[EXERCISE GOAL] For each line of the data that includes the word "True", copy the line.

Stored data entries
(* Let $G$ be an innately transitive permutation group on a finite set $\Omega$ with a nonabelian plinth $M=T_1\times\cdots\times T_k$, where $T_1,\ldots,T_k$ are the (pairwise isomorphic, nonabelian) simple normal subgroups of $M$, and let $\sigma_i:M\to T_i$ be the $i$-th projection. Let $\omega\in\Omega$ and let $\{K_1,\ldots,K_\ell\}$ be a Cartesian system of subgroups in $M$ with respect to $\omega$. Then for all $i\in\{1,\ldots,k\}$ and all $j\in\{1,\ldots,\ell\}$, $$T_i=\sigma_i(K_j)\Bigl(\bigcap_{m\ne j}\sigma_i(K_m)\Bigr).$$
   Context: A finite permutation group is innately transitive if it has a transitive minimal normal subgroup, called a plinth. If $G$ is innately transitive on $\Omega$ with plinth $M$ and $\omega\in\Omega$, a Cartesian system of subgroups in $M$ with respect to $\omega$ is a set $\{K_1,\ldots,K_\ell\}$ of subgroups of $M$ which is invariant under conjugation by $G_\omega$ and satisfies (i) $\bigcap_{i=1}^\ell K_i=M_\omega$ and (ii) $K_i\bigl(\bigcap_{j\ne i}K_j\bigr)=M$ for all $i$ (an empty intersection being $M$). *)

theory Defs
  imports "HOL-Algebra.Algebra"
begin

abbreviation subgrp :: "'a set \<Rightarrow> ('a \<Rightarrow> 'a) set \<Rightarrow> ('a \<Rightarrow> 'a) monoid" where
  "subgrp \<Omega> H \<equiv> (BijGroup \<Omega>)\<lparr>carrier := H\<rparr>"

definition perm_group :: "'a set \<Rightarrow> ('a \<Rightarrow> 'a) set \<Rightarrow> bool" where
  "perm_group \<Omega> G \<longleftrightarrow> subgroup G (BijGroup \<Omega>)"

definition minimal_normal :: "('b, 'c) monoid_scheme \<Rightarrow> 'b set \<Rightarrow> bool" where
  "minimal_normal Gr N \<longleftrightarrow> N \<lhd> Gr \<and> N \<noteq> {\<one>\<^bsub>Gr\<^esub>} \<and>
     (\<forall>L. L \<lhd> Gr \<and> L \<subseteq> N \<longrightarrow> L = {\<one>\<^bsub>Gr\<^esub>} \<or> L = N)"

definition transitive_on :: "'a set \<Rightarrow> ('a \<Rightarrow> 'a) set \<Rightarrow> bool" where
  "transitive_on \<Omega> M \<longleftrightarrow> (\<forall>\<alpha>\<in>\<Omega>. \<forall>\<beta>\<in>\<Omega>. \<exists>m\<in>M. m \<alpha> = \<beta>)"

definition plinth :: "'a set \<Rightarrow> ('a \<Rightarrow> 'a) set \<Rightarrow> ('a \<Rightarrow> 'a) set \<Rightarrow> bool" where
  "plinth \<Omega> G M \<longleftrightarrow> minimal_normal (subgrp \<Omega> G) M \<and> transitive_on \<Omega> M"

definition innately_transitive :: "'a set \<Rightarrow> ('a \<Rightarrow> 'a) set \<Rightarrow> bool" where
  "innately_transitive \<Omega> G \<longleftrightarrow> perm_group \<Omega> G \<and> (\<exists>M. plinth \<Omega> G M)"

definition stab :: "('a \<Rightarrow> 'a) set \<Rightarrow> 'a \<Rightarrow> ('a \<Rightarrow> 'a) set" where
  "stab H \<omega> = {h \<in> H. h \<omega> = \<omega>}"

text \<open>Cartesian system of subgroups in M with respect to omega (a finite set of subgroups;
  intersections are taken inside M, so the empty intersection is M).\<close>
definition cartesian_system ::
  "'a set \<Rightarrow> ('a \<Rightarrow> 'a) set \<Rightarrow> ('a \<Rightarrow> 'a) set \<Rightarrow> 'a \<Rightarrow> ('a \<Rightarrow> 'a) set set \<Rightarrow> bool" where
  "cartesian_system \<Omega> G M \<omega> \<K> \<longleftrightarrow>
     finite \<K> \<and>
     (\<forall>K\<in>\<K>. subgroup K (subgrp \<Omega> M)) \<and>
     (\<forall>g\<in>stab G \<omega>. \<forall>K\<in>\<K>.
        (\<lambda>x. g \<otimes>\<^bsub>BijGroup \<Omega>\<^esub> x \<otimes>\<^bsub>BijGroup \<Omega>\<^esub> inv\<^bsub>BijGroup \<Omega>\<^esub> g) ` K \<in> \<K>) \<and>
     M \<inter> \<Inter>\<K> = stab M \<omega> \<and>
     (\<forall>K\<in>\<K>. K <#>\<^bsub>BijGroup \<Omega>\<^esub> (M \<inter> \<Inter>(\<K> - {K})) = M)"

definition internal_direct_product :: "('b, 'c) monoid_scheme \<Rightarrow> ('i \<Rightarrow> 'b set) \<Rightarrow> 'i set \<Rightarrow> bool" where
  "internal_direct_product H T I \<longleftrightarrow>
     (\<forall>i\<in>I. T i \<lhd> H) \<and>
     generate H (\<Union>i\<in>I. T i) = carrier H \<and>
     (\<forall>i\<in>I. T i \<inter> generate H (\<Union>j\<in>I - {i}. T j) = {\<one>\<^bsub>H\<^esub>})"

definition proj :: "('b, 'c) monoid_scheme \<Rightarrow> ('i \<Rightarrow> 'b set) \<Rightarrow> 'i set \<Rightarrow> 'i \<Rightarrow> 'b \<Rightarrow> 'b" where
  "proj H T I i x = (THE t. t \<in> T i \<and> (\<exists>s\<in>generate H (\<Union>j\<in>I - {i}. T j). x = t \<otimes>\<^bsub>H\<^esub> s))"

end

theory Submission
  imports Defs
begin

text \<open>The projection sigma_i is a homomorphism from M onto T_i that fixes T_i pointwise.
  Applying it to the Cartesian factorisation M = K_j (\<Inter>_{m \<noteq> j} K_m) gives
  T_i = sigma_i(K_j) sigma_i(\<Inter>_{m \<noteq> j} K_m), and sigma_i(\<Inter>_{m \<noteq> j} K_m) lies in
  T_i \<inter> \<Inter>_{m \<noteq> j} sigma_i(K_m), which is contained in T_i.\<close>

context group begin

lemma normal_subgroups_commute:
  assumes N1: "N1 \<lhd> G" and N2: "N2 \<lhd> G" and trivial: "N1 \<inter> N2 = {\<one>}"
    and x: "x \<in> N1" and y: "y \<in> N2"
  shows "x \<otimes> y = y \<otimes> x"
proof -
  have S1: "subgroup N1 G" and S2: "subgroup N2 G"
    using normal_imp_subgroup[OF N1] normal_imp_subgroup[OF N2] .
  have xc: "x \<in> carrier G" and yc: "y \<in> carrier G"
    using subgroup.mem_carrier[OF S1 x] subgroup.mem_carrier[OF S2 y] .
  define c where "c = x \<otimes> y \<otimes> inv x \<otimes> inv y"
  have "y \<otimes> inv x \<otimes> inv y \<in> N1"
    using normal.inv_op_closed2[OF N1 yc subgroup.m_inv_closed[OF S1 x]] .
  then have "x \<otimes> (y \<otimes> inv x \<otimes> inv y) \<in> N1" using subgroup.m_closed[OF S1 x] by blast
  then have c1: "c \<in> N1" using xc yc by (simp add: c_def m_assoc)
  have "x \<otimes> y \<otimes> inv x \<in> N2" using normal.inv_op_closed2[OF N2 xc y] .
  then have c2: "c \<in> N2" unfolding c_def using subgroup.m_closed[OF S2] subgroup.m_inv_closed[OF S2 y] by blast
  have "c = \<one>" using c1 c2 trivial by blast
  then have "x \<otimes> y \<otimes> inv (y \<otimes> x) = \<one>" using xc yc by (simp add: c_def inv_mult_group m_assoc)
  then show ?thesis using xc yc by (simp add: inv_solve_right')
qed

lemma commute_generate:
  assumes x: "x \<in> carrier G" and A: "A \<subseteq> carrier G"
    and commute: "\<And>a. a \<in> A \<Longrightarrow> x \<otimes> a = a \<otimes> x" and s: "s \<in> generate G A"
  shows "x \<otimes> s = s \<otimes> x"
  using s
proof (induction s rule: generate.induct)
  case one
  show ?case using x by simp
next
  case (incl a)
  show ?case by (rule commute[OF incl])
next
  case (inv a)
  have ac: "a \<in> carrier G" using inv A by blast
  have "inv a \<otimes> x = inv a \<otimes> (x \<otimes> a) \<otimes> inv a" using x ac by (simp add: m_assoc)
  also have "\<dots> = inv a \<otimes> (a \<otimes> x) \<otimes> inv a" using commute[OF inv] by simp
  also have "\<dots> = x \<otimes> inv a" using x ac by (simp add: m_assoc[symmetric])
  finally show ?case by simp
next
  case (eng s1 s2)
  have "s1 \<in> carrier G" "s2 \<in> carrier G" using eng.hyps generate_incl[OF A] by blast+
  then show ?case using x eng.IH by (simp add: m_assoc[symmetric]) (simp add: m_assoc)
qed

lemma internal_direct_product_normal:
  "internal_direct_product G T I \<Longrightarrow> i \<in> I \<Longrightarrow> T i \<lhd> G"
  unfolding internal_direct_product_def by blast

lemma internal_direct_product_subgroup:
  "internal_direct_product G T I \<Longrightarrow> i \<in> I \<Longrightarrow> subgroup (T i) G"
  by (rule normal_imp_subgroup[OF internal_direct_product_normal])

lemma internal_direct_product_complement_subgroup:
  assumes "internal_direct_product G T I"
  shows "subgroup (generate G (\<Union>j\<in>I - {i}. T j)) G"
proof (rule generate_is_subgroup)
  show "(\<Union>j\<in>I - {i}. T j) \<subseteq> carrier G"
    using subgroup.subset[OF internal_direct_product_subgroup[OF assms]] by blast
qed

lemma internal_direct_product_factor_inter_complement:
  "internal_direct_product G T I \<Longrightarrow> i \<in> I \<Longrightarrow> T i \<inter> generate G (\<Union>j\<in>I - {i}. T j) = {\<one>}"
  unfolding internal_direct_product_def by blast

lemma internal_direct_product_commute:
  assumes idp: "internal_direct_product G T I" and i: "i \<in> I"
    and t: "t \<in> T i" and s: "s \<in> generate G (\<Union>j\<in>I - {i}. T j)"
  shows "t \<otimes> s = s \<otimes> t"
proof (rule commute_generate[OF _ _ _ s])
  show "t \<in> carrier G" using subgroup.mem_carrier[OF internal_direct_product_subgroup[OF idp i] t] .
  show "(\<Union>j\<in>I - {i}. T j) \<subseteq> carrier G"
    using subgroup.subset[OF internal_direct_product_subgroup[OF idp]] by blast
next
  fix a assume "a \<in> (\<Union>j\<in>I - {i}. T j)"
  then obtain j where j: "j \<in> I" "j \<noteq> i" and a: "a \<in> T j" by blast
  have "T j \<subseteq> generate G (\<Union>j\<in>I - {i}. T j)" using j by (blast intro: generate.incl)
  then have "T i \<inter> T j \<subseteq> {\<one>}" using internal_direct_product_factor_inter_complement[OF idp i] by blast
  moreover have "\<one> \<in> T i \<inter> T j"
    using subgroup.one_closed[OF internal_direct_product_subgroup[OF idp]] i j(1) by blast
  ultimately have "T i \<inter> T j = {\<one>}" by blast
  then show "t \<otimes> a = a \<otimes> t"
    using normal_subgroups_commute[OF internal_direct_product_normal[OF idp i]
        internal_direct_product_normal[OF idp j(1)] _ t a] by blast
qed

lemma internal_direct_product_decompose:
  assumes idp: "internal_direct_product G T I" and i: "i \<in> I" and x: "x \<in> carrier G"
  obtains t s where "t \<in> T i" "s \<in> generate G (\<Union>j\<in>I - {i}. T j)" "x = t \<otimes> s"
proof -
  let ?N = "generate G (\<Union>j\<in>I - {i}. T j)"
  have Ti: "subgroup (T i) G" using internal_direct_product_subgroup[OF idp i] .
  have N: "subgroup ?N G" using internal_direct_product_complement_subgroup[OF idp] .
  have TN: "subgroup (T i <#> ?N) G"
    using mult_norm_subgroup[OF internal_direct_product_normal[OF idp i] N] .
  have "T j \<subseteq> T i <#> ?N" if j: "j \<in> I" for j
  proof
    fix y assume y: "y \<in> T j"
    show "y \<in> T i <#> ?N"
    proof (cases "j = i")
      case True
      then have "y \<otimes> \<one> \<in> T i <#> ?N"
        using y subgroup.one_closed[OF N] unfolding set_mult_def by blast
      then show ?thesis using subgroup.mem_carrier[OF Ti] y True by simp
    next
      case False
      then have "\<one> \<otimes> y \<in> T i <#> ?N"
        using y j subgroup.one_closed[OF Ti] unfolding set_mult_def by (blast intro: generate.incl)
      then show ?thesis using subgroup.mem_carrier[OF internal_direct_product_subgroup[OF idp j] y] by simp
    qed
  qed
  then have "generate G (\<Union>j\<in>I. T j) \<subseteq> T i <#> ?N"
    by (intro generate_subgroup_incl[OF _ TN]) blast
  then have "x \<in> T i <#> ?N" using idp x unfolding internal_direct_product_def by blast
  then show thesis using that unfolding set_mult_def by blast
qed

[RESULT OF THIS EXERCISE]
      case True
      then show ?thesis using subgroup.mem_carrier[OF Ti] y True by simp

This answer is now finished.